(Saved data entries)
....
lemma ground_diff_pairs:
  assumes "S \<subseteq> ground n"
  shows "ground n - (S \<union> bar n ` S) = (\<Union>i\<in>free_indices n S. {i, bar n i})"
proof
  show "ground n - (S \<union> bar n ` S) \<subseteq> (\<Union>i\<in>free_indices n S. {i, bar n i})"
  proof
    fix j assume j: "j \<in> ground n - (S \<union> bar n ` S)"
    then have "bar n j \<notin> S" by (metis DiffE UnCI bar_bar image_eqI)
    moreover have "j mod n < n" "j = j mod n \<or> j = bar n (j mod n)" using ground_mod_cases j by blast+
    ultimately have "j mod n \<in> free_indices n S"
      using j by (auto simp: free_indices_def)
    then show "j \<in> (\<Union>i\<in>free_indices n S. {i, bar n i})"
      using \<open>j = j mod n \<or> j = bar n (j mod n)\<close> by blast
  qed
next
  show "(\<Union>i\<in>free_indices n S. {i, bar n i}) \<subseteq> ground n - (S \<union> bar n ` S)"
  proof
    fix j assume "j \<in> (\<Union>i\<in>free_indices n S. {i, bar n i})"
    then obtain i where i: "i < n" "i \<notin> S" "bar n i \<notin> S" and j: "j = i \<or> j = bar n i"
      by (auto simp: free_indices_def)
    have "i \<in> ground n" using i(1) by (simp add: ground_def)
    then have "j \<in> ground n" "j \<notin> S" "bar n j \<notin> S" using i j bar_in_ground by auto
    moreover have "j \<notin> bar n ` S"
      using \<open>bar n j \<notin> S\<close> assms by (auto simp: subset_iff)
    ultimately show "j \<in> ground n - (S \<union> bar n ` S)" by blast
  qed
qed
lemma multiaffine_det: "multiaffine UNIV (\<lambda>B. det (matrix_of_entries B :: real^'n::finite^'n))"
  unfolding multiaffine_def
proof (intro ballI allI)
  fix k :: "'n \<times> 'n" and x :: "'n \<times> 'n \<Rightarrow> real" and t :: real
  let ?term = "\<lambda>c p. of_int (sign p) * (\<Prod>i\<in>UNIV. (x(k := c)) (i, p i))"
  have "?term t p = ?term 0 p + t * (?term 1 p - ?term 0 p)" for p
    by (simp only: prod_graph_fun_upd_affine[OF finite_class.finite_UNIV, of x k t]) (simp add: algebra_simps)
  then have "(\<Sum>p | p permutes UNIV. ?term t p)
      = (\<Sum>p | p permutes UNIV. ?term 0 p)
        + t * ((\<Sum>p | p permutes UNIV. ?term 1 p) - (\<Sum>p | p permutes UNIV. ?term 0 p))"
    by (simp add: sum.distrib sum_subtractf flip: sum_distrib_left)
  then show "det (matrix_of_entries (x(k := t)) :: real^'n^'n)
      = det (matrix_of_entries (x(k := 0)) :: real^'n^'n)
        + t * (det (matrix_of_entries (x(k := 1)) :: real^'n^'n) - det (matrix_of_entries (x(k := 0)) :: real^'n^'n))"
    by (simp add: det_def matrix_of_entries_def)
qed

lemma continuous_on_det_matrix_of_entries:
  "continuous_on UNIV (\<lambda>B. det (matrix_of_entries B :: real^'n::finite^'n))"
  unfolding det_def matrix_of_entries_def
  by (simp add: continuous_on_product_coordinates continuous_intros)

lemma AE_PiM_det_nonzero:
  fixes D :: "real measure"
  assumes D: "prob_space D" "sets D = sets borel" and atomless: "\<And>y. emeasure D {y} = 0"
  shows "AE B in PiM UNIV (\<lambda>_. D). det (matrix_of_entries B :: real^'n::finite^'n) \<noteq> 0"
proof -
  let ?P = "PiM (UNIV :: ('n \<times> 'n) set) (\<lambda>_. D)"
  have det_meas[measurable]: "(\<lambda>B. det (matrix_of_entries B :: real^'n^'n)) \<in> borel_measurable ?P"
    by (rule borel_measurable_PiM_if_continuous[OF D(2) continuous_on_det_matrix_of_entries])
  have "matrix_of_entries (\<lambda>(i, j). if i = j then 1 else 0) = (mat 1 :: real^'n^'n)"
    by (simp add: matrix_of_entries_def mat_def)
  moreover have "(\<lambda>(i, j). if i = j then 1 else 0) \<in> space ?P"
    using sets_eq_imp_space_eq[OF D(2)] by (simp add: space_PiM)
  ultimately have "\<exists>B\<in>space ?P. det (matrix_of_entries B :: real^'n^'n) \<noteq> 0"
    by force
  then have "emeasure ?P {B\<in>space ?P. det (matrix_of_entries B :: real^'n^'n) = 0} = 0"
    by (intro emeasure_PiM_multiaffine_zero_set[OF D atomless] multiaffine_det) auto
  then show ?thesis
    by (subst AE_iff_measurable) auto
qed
....
(WORK INSTRUCTIONS) Above are the entries; repeat their lines exactly, from the first through the one that contains "using \<open>bar n".

(YOUR SOLUTION)
lemma ground_diff_pairs:
  assumes "S \<subseteq> ground n"
  shows "ground n - (S \<union> bar n ` S) = (\<Union>i\<in>free_indices n S. {i, bar n i})"
proof
  show "ground n - (S \<union> bar n ` S) \<subseteq> (\<Union>i\<in>free_indices n S. {i, bar n i})"
  proof
    fix j assume j: "j \<in> ground n - (S \<union> bar n ` S)"
    then have "bar n j \<notin> S" by (metis DiffE UnCI bar_bar image_eqI)
    moreover have "j mod n < n" "j = j mod n \<or> j = bar n (j mod n)" using ground_mod_cases j by blast+
    ultimately have "j mod n \<in> free_indices n S"
      using j by (auto simp: free_indices_def)
    then show "j \<in> (\<Union>i\<in>free_indices n S. {i, bar n i})"
      using \<open>j = j mod n \<or> j = bar n (j mod n)\<close> by blast
  qed
next
  show "(\<Union>i\<in>free_indices n S. {i, bar n i}) \<subseteq> ground n - (S \<union> bar n ` S)"
  proof
    fix j assume "j \<in> (\<Union>i\<in>free_indices n S. {i, bar n i})"
    then obtain i where i: "i < n" "i \<notin> S" "bar n i \<notin> S" and j: "j = i \<or> j = bar n i"
      by (auto simp: free_indices_def)
    have "i \<in> ground n" using i(1) by (simp add: ground_def)
    then have "j \<in> ground n" "j \<notin> S" "bar n j \<notin> S" using i j bar_in_ground by auto
    moreover have "j \<notin> bar n ` S"
      using \<open>bar n j \<notin> S\<close> assms by (auto simp: subset_iff)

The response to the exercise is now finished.